Television, at this age, should be used as a family time, and a privilege, which if the child behaves badly can be withheld. A family friend who has two children has always used television this way. It is their family's time for relaxing together on Friday night (also pizza night) with a G. rated movie. However, even after the movie, the parents still read to the children.
The oldest child, now seven, and the youngest child, five, can read age appropriate books; both children are learning a second language; and the oldest has begun playing the viola this year. Both parents attribute the success of their children, especially at the preschool stage, to shared parenting and discipline responsibility, reading on a daily basis (their playroom has no technology, only books and plays things which require the child to use and develop their imagination at play).

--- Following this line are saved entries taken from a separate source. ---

lemma card_wt1_sum_zero_less:
  assumes cov: "covering n F" and nored: "no_redundant F"
    and X: "X \<in> F" "a \<in> X" "i \<notin> X"
  shows "card {u \<in> vecs n. (u :: nat \<Rightarrow> 'a::{finite,field}) i + u a = 0 \<and> wtF F u = 1}
    < card {u \<in> vecs n. (u :: nat \<Rightarrow> 'a) i = 0 \<and> wtF F u = 1}"
proof -
  let ?S = "{u \<in> vecs n. (u :: nat \<Rightarrow> 'a) i + u a = 0 \<and> wtF F u = 1}"
  let ?T = "{u \<in> vecs n. (u :: nat \<Rightarrow> 'a) i = 0 \<and> wtF F u = 1}"
  define t :: "nat \<Rightarrow> 'a" where "t = (\<lambda>k. if k \<in> X then 1 else 0)"
  have "a \<noteq> i" using X by blast
  have "supp t = X" by (auto simp: t_def supp_def)
  then have "t \<in> vecs n" "wtF F t = 1"
    using X wtF_eq_1_if_supp_subset_block[OF cov X(1)] by auto
  moreover have "t i = 0" using X(3) by (simp add: t_def)
  ultimately have "t \<in> ?T" by blast
  have "inj_on (\<lambda>u. u(i := 0)) ?S"
  proof (rule inj_onI)
    fix u v assume "u \<in> ?S" "v \<in> ?S" and eq: "u(i := 0) = v(i := 0)"
    then have "u i = - u a" "v i = - v a" "u a = v a"
      using \<open>a \<noteq> i\<close> by (auto simp: eq_neg_iff_add_eq_0 dest: fun_cong[of _ _ a])
    then show "u = v" using eq by (metis fun_upd_triv fun_upd_upd)
  qed
  moreover have "(\<lambda>u. u(i := 0)) ` ?S \<subseteq> ?T - {t}"
  proof (rule image_subsetI)
    fix u assume "u \<in> ?S"
    then have u: "u \<in> vecs n" "u i + u a = 0" "wtF F u = 1" by auto
    then have "u(i := 0) \<in> ?T" using wtF_fun_upd_zero_eq_1[OF cov u(1,3,2) \<open>a \<noteq> i\<close>] by simp
    moreover have "u(i := 0) \<noteq> t"
    proof
      assume "u(i := 0) = t"
      then have "u k = 1" if "k \<in> X" for k
        using that X(3) by (metis fun_upd_other t_def)
      moreover from this have "u i \<noteq> 0" using u(2) X(2) by (auto simp: add_eq_0_iff2)
      moreover obtain B where "B \<in> F" "supp u \<subseteq> B"
        using u wtF_eq_1_iff[OF cov] by blast
      ultimately have "B \<in> F" "X \<subset> B" using X(3) by (auto simp: supp_def)
      then show False using nored X(1) by (auto simp: no_redundant_def redundant_def)
    qed
    ultimately show "u(i := 0) \<in> ?T - {t}" by blast
  qed
  moreover have "finite ?T" by (rule finite_subset[OF _ finite_vecs]) auto
  ultimately have "card ?S \<le> card (?T - {t})"
    by (metis (no_types, lifting) card_image card_mono finite_Diff)
  also have "\<dots> < card ?T" using \<open>finite ?T\<close> \<open>t \<in> ?T\<close> by (rule card_Diff1_less)
  finally show ?thesis .
qed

They also attribute the children's ability to focus on academic exercises as in part due to the fact that the television is seldom on in the house while the children are awake. Both parents also take time for their own interests on a daily basis, and they support one another in that regard. However those activities always take place after both parents put the kids to bed, following baths, promptly at 7:30 P.M. each night. The children, including the preschooler, never protest bedtime, because they rise early, 6:30-7:00 A.M.
To begin their day. Nutritionally, the children never get cookies, candy, or other sweets, except Friday night ice cream - which they love and look forward to with happiness. Otherwise, there is unlimited fruit, vegetables - they eat baby carrots by the bag - and low sugar, low salt, msg free cooking. There are exceptions, like holidays, and celebrations. By making the commitment to the time that the.